Mutations in the SYNJ1 gene have been reported to cause juvenile-onset atypical Parkinsonism (PARK20) through autosomal recessive inheritance. Typical features occurring at a young age include bradykinesia, tremor, dystonia, and apraxia of eyelid opening (ALO) as well as cognitive decline and generalized seizures in some patients (Quadri et al. 2013; Krebs et al. 2013; Olgiati et al. 2014). The SYNJ1 gene encodes synaptojanin-1, a presynaptic phosphoinositide phosphatase protein which has a role in the regulation of synaptic vesicle endocytosis, important in the recycling of proteins. Animal study has shown that mutations in the Sac phosphatase domain of SYNJ1 led to Parkinson’s-like neurological features and an increase in the levels of PD-associated proteins; auxilin, which has a similar role to synaptojanin-1in endocytosis and PARKIN. The impairment of the endocytic recycling pathway led to an accumulation of proteins at synaptic terminals and it was observed to selectively result in dystrophic dopaminergic axon terminals in the dorsal striatum. Phenotypic presentation in the animals studied provided strong evidence for a link between SYNJ1 mutations and juvenile-onset PD, while elevated levels of auxilin and PARKIN suggesting an interaction with other PD-associated genes as a potential pathological mechanism (Cao et al. 2017).
The DNAJC13 gene encodes an endosomal protein involved in clathrin coating of vesicles and as such is involved in intracellular transport. Mutations have been reported through a dominant inheritance leading to PD in patients, characterized by α-synuclein positive Lewy bodies, with age of onset being between 40 and 83 years. Disease progression is slow with duration noted at between 8 and 17 years and l-DOPA only effective in earlier stages (Vilarino-Guell et al. 2014; Appel-Cresswell et al. 2014; Gustavsson et al. 2015; Ross et al. 2016). It has been hypothesized that the accumulation of α-synuclein is a direct result of impaired intracellular transport due to toxic gain-of-function mutations in the DNAJC13 gene. This has been demonstrated in vivo using Drosophila models which linked mutant DNAJC13 to increased levels of insoluble α-synuclein in the fly head, degeneration of dopaminergic neurons, and age-dependent locomotor deterioration (Yoshida et al. 2018).
PARK3, PARK 10, PARK 12
Several different genome-wide linkage analyses (GWLA) have been performed on the large groups of PD-affected families by genotyping of most popular genetic polymorphic markers including microsatellites and single-nucleotide polymorphisms (SNPs) (Funayama et al. 2015; Moghadam et al. 2017; Ott et al. 2015). Because PD is considered as a complex disease and causative loci may have different types of inheritance, the model of its inheritance is unknown (Keller et al. 2012). Therefore, linkage analysis based on model-free method would be more effective to map the loci responsible for the disease (Lander and Kruglyak 1995). In this approach, the PD-affected sibs inherited significantly more common alleles (identical by descent; IBD) at polymorphic loci linked to the disease than expected by chance (the expected probabilities of sharing 2, 1, and 0 IBD alleles for affected sib pairs at the disease locus will not be 0.25, 0.5, and 0.25, respectively) (Kruglyak et al. 1996; Nowak et al. 2012). As illustrated in Table 1, using model-free GWLA, three responsible loci for the PD have been mapped (PARK3 on 2p13, PARK10 on 1p32, and PARK12 on Xq21-q25), but the causative genes have not yet been identified (DeStefano et al. 2002; Hicks et al. 2002; Pankratz et al. 2003).
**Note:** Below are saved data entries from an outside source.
lemma mono_nat_ceiling_ln:
  assumes "0 \<le> c"
  shows "mono (\<lambda>n. nat \<lceil>c * ln (real n)\<rceil>)"
proof (rule monoI)
  fix m n :: nat assume "m \<le> n"
  then have "ln (real m) \<le> ln (real n)" by (cases "m = 0"; cases "n = 0") auto
  then show "nat \<lceil>c * ln (real m)\<rceil> \<le> nat \<lceil>c * ln (real n)\<rceil>"
    using assms by (intro nat_mono ceiling_mono mult_left_mono)
qed

lemma summable_power_nat_ceiling_ln:
  fixes q :: real
  assumes "0 \<le> q" "q < 1"
  obtains c where "0 \<le> c" "summable (\<lambda>n. q ^ nat \<lceil>c * ln (real n)\<rceil>)"
proof -
  define r where "r = max q (1/2)"
  have r: "0 < r" "r < 1" "q \<le> r" using assms by (auto simp: r_def)
  define c where "c = 2 / - ln r"
  have "0 < c" using r by (simp add: c_def)
  have bound: "q ^ nat \<lceil>c * ln (real n)\<rceil> \<le> real n powr -2" if "1 \<le> n" for n
  proof -
    have ln_nonneg: "0 \<le> c * ln (real n)" using \<open>0 < c\<close> that by simp
    have "q ^ nat \<lceil>c * ln (real n)\<rceil> \<le> r ^ nat \<lceil>c * ln (real n)\<rceil>"
      using assms r by (intro power_mono) auto
    also have "\<dots> = r powr real (nat \<lceil>c * ln (real n)\<rceil>)" using r by (simp add: powr_realpow)
    also have "\<dots> \<le> r powr (c * ln (real n))"
    proof (rule powr_mono')
      show "c * ln (real n) \<le> real (nat \<lceil>c * ln (real n)\<rceil>)" using ln_nonneg by linarith
    qed (use r in auto)
    also have "\<dots> = exp (c * ln (real n) * ln r)" using r by (simp add: powr_def)
    also have "c * ln (real n) * ln r = -2 * ln (real n)" using r by (simp add: c_def field_simps)
    also have "exp (-2 * ln (real n)) = real n powr -2" using that by (simp add: powr_def)
    finally show ?thesis .
  qed
  have "summable (\<lambda>n. q ^ nat \<lceil>c * ln (real n)\<rceil>)"
  proof (rule summable_comparison_test'[where N=1])
    show "summable (\<lambda>n. real n powr -2)" by (simp add: summable_real_powr_iff)
    show "norm (q ^ nat \<lceil>c * ln (real n)\<rceil>) \<le> real n powr -2" if "1 \<le> n" for n
      using bound[OF that] assms(1) by simp
  qed
  with \<open>0 < c\<close> show ?thesis by (intro that) simp_all
qed

lemma ln_bound_div_tendsto_zero:
  assumes a_growth: "filterlim (\<lambda>n. a n / ln (real n)) at_top sequentially"
  shows "(\<lambda>n. (C + c * ln (real n)) / a n) \<longlonglongrightarrow> 0"
proof -
  have ln_top: "filterlim (\<lambda>n. ln (real n)) at_top sequentially" by real_asymp
  have "eventually (\<lambda>n. 1 \<le> a n / ln (real n)) sequentially"
    using a_growth by (simp add: filterlim_at_top)
  moreover have "eventually (\<lambda>n. 0 < ln (real n)) sequentially"
    using ln_top by (simp add: filterlim_at_top_dense)
  ultimately have "eventually (\<lambda>n. ln (real n) \<le> a n) sequentially"
    by eventually_elim (simp add: field_simps)
  then have "filterlim a at_top sequentially" by (rule filterlim_at_top_mono[OF ln_top])
  then have "(\<lambda>n. C * inverse (a n) + c * inverse (a n / ln (real n))) \<longlonglongrightarrow> C * 0 + c * 0"
    by (intro tendsto_intros tendsto_inverse_0_at_top a_growth)
  then show ?thesis by (simp add: divide_inverse algebra_simps)
qed

lemma bern_F_div_tendsto_zero:
  assumes "bern_I_defined b" "0 \<le> c"
    and "eventually (\<lambda>n. bern_I b n < n + nat \<lceil>c * ln (real n)\<rceil>) sequentially"
    and a_pos: "\<And>n. 1 \<le> n \<Longrightarrow> a n > 0"
    and a_growth: "filterlim (\<lambda>n. a n / ln (real n)) at_top sequentially"
  shows "(\<lambda>n. bern_F b n / a n) \<longlonglongrightarrow> 0"
proof -
  obtain C where C: "\<And>n. 1 \<le> n \<Longrightarrow> bern_F b n \<le> C + real (nat \<lceil>c * ln (real n)\<rceil>)"
    using bern_F_le_mono_bound[OF mono_nat_ceiling_ln[OF \<open>0 \<le> c\<close>] assms(3)] by blast
  show ?thesis
  proof (rule tendsto_sandwich[OF _ _ tendsto_const ln_bound_div_tendsto_zero[OF a_growth]])
    show "eventually (\<lambda>n. 0 \<le> bern_F b n / a n) sequentially"
      using eventually_ge_at_top[of 1]
      by eventually_elim (use bern_F_nonneg[OF assms(1)] a_pos in \<open>auto intro!: divide_nonneg_pos\<close>)
    show "eventually (\<lambda>n. bern_F b n / a n \<le> (C + 1 + c * ln (real n)) / a n) sequentially"
      using eventually_ge_at_top[of 1]
    proof eventually_elim
      case (elim n)
      have "0 \<le> c * ln (real n)" using \<open>0 \<le> c\<close> elim by simp
      then have "real (nat \<lceil>c * ln (real n)\<rceil>) \<le> c * ln (real n) + 1" by linarith
      then show ?case using C[OF elim] a_pos[OF elim] by (intro divide_right_mono) auto
    qed
  qed
qed

lemma measurable_bern_I:
  assumes "\<And>c. Measurable.pred N (\<lambda>x. c \<in> bern_used (b x) (j - 1))"
    and "\<And>c. 1 \<le> c \<Longrightarrow> Measurable.pred N (\<lambda>x. b x j c)"
  shows "(\<lambda>x. bern_I (b x) j) \<in> measurable N (count_space UNIV)"
  unfolding bern_I_def
proof (rule measurable_Least)
  fix c
  show "Measurable.pred N (\<lambda>x. 1 \<le> c \<and> c \<notin> bern_used (b x) (j - 1) \<and> b x j c)"
  proof (cases "1 \<le> c")
    case True
    then show ?thesis
      using assms(1) assms(2)[OF True] by (simp only: True simp_thms) (intro pred_intros_logic(2,3))
  qed simp
qed

lemma pred_mem_bern_used:
  assumes "\<And>i c. 1 \<le> i \<Longrightarrow> i \<le> m \<Longrightarrow> 1 \<le> c \<Longrightarrow> Measurable.pred N (\<lambda>x. b x i c)"
    and "i \<le> m"
  shows "Measurable.pred N (\<lambda>x. c \<in> bern_used (b x) i)"
  using \<open>i \<le> m\<close>
proof (induction i arbitrary: c)
  case (Suc i)
  have "(\<lambda>x. bern_I (b x) (Suc i)) \<in> measurable N (count_space UNIV)"
    using Suc assms(1) by (intro measurable_bern_I) auto
  then have "Measurable.pred N (\<lambda>x. c = bern_I (b x) (Suc i))"
    by (rule pred_count_space_const2)
  with Suc show ?case
    unfolding bern_used_Suc insert_iff by (intro pred_intros_logic(5)) auto
qed simp

lemma pred_bern_used_Int_eq:
  assumes "\<And>i c. 1 \<le> i \<Longrightarrow> i \<le> m \<Longrightarrow> 1 \<le> c \<Longrightarrow> Measurable.pred N (\<lambda>x. b x i c)"
    and "i \<le> m" "finite D"
  shows "Measurable.pred N (\<lambda>x. bern_used (b x) i \<inter> D = S)"
proof -
  have "Measurable.pred N (\<lambda>x. S \<subseteq> D \<and> (\<forall>c\<in>D. (c \<in> bern_used (b x) i) = (c \<in> S)))"
  proof (cases "S \<subseteq> D")
    case True
    have "Measurable.pred N (\<lambda>x. \<forall>c\<in>D. (c \<in> bern_used (b x) i) = (c \<in> S))"
      using assms by (intro pred_intros_finite(3) pred_intros_logic(6) pred_mem_bern_used) simp_all
    with True show ?thesis by simp
  qed simp
  moreover have "(bern_used (b x) i \<inter> D = S) \<longleftrightarrow> S \<subseteq> D \<and> (\<forall>c\<in>D. (c \<in> bern_used (b x) i) = (c \<in> S))"
    for x by blast
  ultimately show ?thesis by simp
qed

locale bernoulli_model = prob_space M for M :: "'w measure" +
  fixes B :: "nat \<Rightarrow> nat \<Rightarrow> 'w \<Rightarrow> bool" and q :: real
  assumes q_nonneg: "0 \<le> q" and q_less_1: "q < 1"
    and measurable_B: "\<And>i j. 1 \<le> i \<Longrightarrow> 1 \<le> j \<Longrightarrow> B i j \<in> measurable M (count_space UNIV)"
    and indep_B: "indep_vars (\<lambda>_. count_space UNIV) (\<lambda>(i, j). B i j) ({1..} \<times> {1..})"
    and prob_B: "\<And>i j. 1 \<le> i \<Longrightarrow> 1 \<le> j \<Longrightarrow> prob {\<omega> \<in> space M. B i j \<omega>} = 1 - q"
begin

abbreviation sample :: "'w \<Rightarrow> nat \<Rightarrow> nat \<Rightarrow> bool" where
  "sample \<omega> \<equiv> \<lambda>i j. B i j \<omega>"

lemma pred_B: "1 \<le> i \<Longrightarrow> 1 \<le> c \<Longrightarrow> Measurable.pred M (B i c)"
  using measurable_B by simp

lemma prob_not_B:
  assumes "1 \<le> i" "1 \<le> c"
  shows "prob {\<omega> \<in> space M. \<not> B i c \<omega>} = q"
proof -
  have "{\<omega> \<in> space M. \<not> B i c \<omega>} = space M - {\<omega> \<in> space M. B i c \<omega>}" by auto
  moreover have "{\<omega> \<in> space M. B i c \<omega>} \<in> events" using pred_B[OF assms] by (simp add: pred_def)
  ultimately show ?thesis using prob_compl prob_B[OF assms] by simp
qed

lemma pred_mem_used: "Measurable.pred M (\<lambda>\<omega>. c \<in> bern_used (sample \<omega>) i)"
  by (rule pred_mem_bern_used[of i]) (auto intro: pred_B)

lemma measurable_I: "1 \<le> j \<Longrightarrow> (\<lambda>\<omega>. bern_I (sample \<omega>) j) \<in> measurable M (count_space UNIV)"
  by (intro measurable_bern_I pred_mem_used pred_B)

lemma pred_used_Int_eq: "finite D \<Longrightarrow> Measurable.pred M (\<lambda>\<omega>. bern_used (sample \<omega>) i \<inter> D = S)"
  by (rule pred_bern_used_Int_eq[OF _ order_refl]) (auto intro: pred_B)

lemma indep_used_Int_and_misses:
  fixes C D S :: "nat set"
  assumes "1 \<le> j" "finite D" "C \<subseteq> {1..}"
  shows "indep_events (\<lambda>l. case l of
      None \<Rightarrow> {\<omega> \<in> space M. bern_used (sample \<omega>) (j - 1) \<inter> D = S}
    | Some c \<Rightarrow> {\<omega> \<in> space M. \<not> B j c \<omega>}) (insert None (Some ` C))"
proof -
  define K where "K l = (case l of None \<Rightarrow> {1..<j} \<times> {1..} | Some c \<Rightarrow> {(j, c)})" for l :: "nat option"
  define L where "L = insert None (Some ` C)"
  define P where "P l = (\<lambda>f :: nat \<times> nat \<Rightarrow> bool. case l of
      None \<Rightarrow> bern_used (\<lambda>i c. f (i, c)) (j - 1) \<inter> D = S
    | Some c \<Rightarrow> \<not> f (j, c))" for l
  have "indep_vars (\<lambda>l. PiM (K l) (\<lambda>_. count_space UNIV)) (\<lambda>l \<omega>. \<lambda>p\<in>K l. (\<lambda>(i, c). B i c) p \<omega>) L"
  proof (rule indep_vars_restrict[OF indep_B])
    show "K l \<subseteq> {1..} \<times> {1..}" if "l \<in> L" for l
      using that assms(1,3) by (auto simp: K_def L_def)
    show "disjoint_family_on K L"
      by (auto simp: disjoint_family_on_def K_def L_def)
  qed
  then have "indep_events (\<lambda>l. {\<omega> \<in> space M. P l (\<lambda>p\<in>K l. (\<lambda>(i, c). B i c) p \<omega>)}) L"
  proof (rule indep_eventsI_indep_vars)
    fix l
    have comp: "Measurable.pred (PiM (K l) (\<lambda>_. count_space UNIV)) (\<lambda>f. f p)" if "p \<in> K l" for p
      using that by (rule measurable_component_singleton)
    have "Measurable.pred (PiM (K l) (\<lambda>_. count_space UNIV)) (P l)"
    proof (cases l)
      case None
      have "Measurable.pred (PiM (K l) (\<lambda>_. count_space UNIV))
          (\<lambda>f. bern_used (\<lambda>i c. f (i, c)) (j - 1) \<inter> D = S)"
      proof (rule pred_bern_used_Int_eq[OF _ order_refl assms(2)])
        fix i c :: nat assume "1 \<le> i" "i \<le> j - 1" "1 \<le> c"
        then show "Measurable.pred (PiM (K l) (\<lambda>_. count_space UNIV)) (\<lambda>f. f (i, c))"
          by (intro comp) (auto simp: None K_def)
      qed
      then show ?thesis by (simp add: None P_def)
    next
      case (Some c)
      then have "Measurable.pred (PiM (K l) (\<lambda>_. count_space UNIV)) (\<lambda>f. \<not> f (j, c))"
        by (intro pred_intros_logic(2) comp) (simp add: K_def)
      then show ?thesis by (simp add: Some P_def)
    qed
    then show "{f \<in> space (PiM (K l) (\<lambda>_. count_space UNIV)). P l f} \<in> sets (PiM (K l) (\<lambda>_. count_space UNIV))"
      by (simp add: pred_def)
  qed
  moreover have "{\<omega> \<in> space M. P l (\<lambda>p\<in>K l. (\<lambda>(i, c). B i c) p \<omega>)} = (case l of
      None \<Rightarrow> {\<omega> \<in> space M. bern_used (sample \<omega>) (j - 1) \<inter> D = S}
    | Some c \<Rightarrow> {\<omega> \<in> space M. \<not> B j c \<omega>})" for l
  proof (cases l)
    case None
    have "bern_used (\<lambda>i c. (\<lambda>p\<in>K None. (\<lambda>(i, c). B i c) p \<omega>) (i, c)) (j - 1)
        = bern_used (sample \<omega>) (j - 1)" for \<omega>
      by (rule bern_used_cong[where m="j - 1"]) (auto simp: K_def)
    then show ?thesis by (simp add: None P_def)
  qed (simp add: P_def K_def)
  ultimately show ?thesis by (simp only: L_def)
qed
In the last decade, investigation of patients affected with PD has revealed that a large number of patients suffer from sporadic forms of PD, showing nonMendelian inheritance pattern of the disease and lack of a clear family history with no clear distinction in clinical symptoms or pathological signs from familial forms (Kalinderi et al. 2016; Verstraeten et al. 2015). Early candidate gene studies have revealed that only a small percentage of the sporadic PD cases carry mutations in a number of previously known Mendelian PD genes including SNCA, PARKIN, LRRK2, and GBA1 (Table 1) (Maraganore et al. 2006; Satake et al. 2009; Zabetian et al. 2009). However, the etiology for a high proportion of sporadic PD cases remains largely unknown. It is assumed that the sporadic forms of PD are caused by the combined effects of common variations (polymorphisms with frequencies > 1%) in different genetic loci with minor to moderate effects on PD risk (average odds ratios (ORs) ~1.2) (Simon-Sanchez et al. 2009; Simón-Sánchez et al. 2011). In order to uncover the genetic architecture that impacts disease susceptibility in sporadic cases, more than 800 genome-wide association studies (GWAS) have been performed in the field of Parkinsonism during the last two decades, but most studies yielded inconsistent results. To alleviate this problem, GWAS meta-analysis has recently successfully been developed as a systematic approach to interpreting the genetic association findings of complex disease including neurodegenerative diseases (Consortium 2011; Evangelou et al. 2007). In addition, GWAS meta-analysis on 7,782,514 genetic variants in up to 13,708 PD cases and 95,282 controls from populations of European descent have been provided by a dedicated and freely available online database, PDGene (http://www.pdgene.org) (Lill et al. 2012). As illustrated in Table 2, twelve loci showed genome-wide significant association (ORs ≥ 1.1; p values < 5 × 10−8) with PD risk from case–control genotype data in 4 or more independent samples: SNCA, TMEM175, STK39, TMEM229B, LRRK2, BCKDK, MIR4697, INPP5F, RIT2, GCH1, SIPA1L2, TMPRSS9 (Lill et al. 2012). However, despite this progress, the genetic etiology of PD, occurring in 40% of all cases remains unexplained by today (Consortium 2011).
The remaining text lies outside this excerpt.